* [REQUIRED WORK]: Please report every line in the entries that contains the string "definition".

START GIVEN RECORDS

(* Let $x_1<x_2$, $u_0\in C^4([x_1,x_2])$ and $u_1\in C^3([x_1,x_2])$. Consider the Tricomi equation $y\,u_{xx}+u_{yy}=0$ with the data $u(x,0)=u_0(x)$, $u_y(x,0)=u_1(x)$ for $x\in[x_1,x_2]$. Then there exists a constant $\bar\delta$ with $0<\bar\delta\le\sqrt[3]{\frac{9(x_2-x_1)^2}{16}}$ such that this boundary problem has a classical solution in the region \[ \overline D_{\bar\delta}=\Big\{(x,y):\ -\bar\delta\le y\le 0,\ x_1+\tfrac23(-y)^{3/2}\le x\le x_2-\tfrac23(-y)^{3/2}\Big\}. \] *)

theory Defs
  imports "HOL-Analysis.Analysis"
begin

fun Ck_on :: "nat \<Rightarrow> (real \<Rightarrow> real) \<Rightarrow> real set \<Rightarrow> bool" where
  "Ck_on 0 f S = continuous_on S f"
| "Ck_on (Suc k) f S =
     (\<exists>f'. (\<forall>x\<in>S. (f has_real_derivative f' x) (at x within S)) \<and> Ck_on k f' S)"

definition tricomi_region :: "real \<Rightarrow> real \<Rightarrow> real \<Rightarrow> (real \<times> real) set" where
  "tricomi_region x1 x2 \<delta> =
     {(x, y). - \<delta> \<le> y \<and> y \<le> 0 \<and>
              x1 + 2/3 * (- y) powr (3/2) \<le> x \<and> x \<le> x2 - 2/3 * (- y) powr (3/2)}"

definition tricomi_classical_solution ::
  "real \<Rightarrow> real \<Rightarrow> (real \<Rightarrow> real) \<Rightarrow> (real \<Rightarrow> real) \<Rightarrow> (real \<times> real) set
     \<Rightarrow> (real \<times> real \<Rightarrow> real) \<Rightarrow> bool" where
  "tricomi_classical_solution x1 x2 u0 u1 D u =
    (\<exists>ux uy uxx uxy uyx uyy.
       continuous_on D u \<and> continuous_on D ux \<and> continuous_on D uy \<and>
       continuous_on D uxx \<and> continuous_on D uxy \<and> continuous_on D uyx \<and> continuous_on D uyy \<and>
       (\<forall>p\<in>D. (u has_derivative (\<lambda>(h, k). ux p * h + uy p * k)) (at p within D)) \<and>
       (\<forall>p\<in>D. (ux has_derivative (\<lambda>(h, k). uxx p * h + uxy p * k)) (at p within D)) \<and>
       (\<forall>p\<in>D. (uy has_derivative (\<lambda>(h, k). uyx p * h + uyy p * k)) (at p within D)) \<and>
       (\<forall>p\<in>D. snd p * uxx p + uyy p = 0) \<and>
       (\<forall>x\<in>{x1..x2}. u (x, 0) = u0 x \<and> uy (x, 0) = u1 x))"

end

END GIVEN RECORDS

* [EXERCISE RESULT]:
definition tricomi_region :: "real \<Rightarrow> real \<Rightarrow> real \<Rightarrow> (real \<times> real) set" where
definition tricomi_classical_solution ::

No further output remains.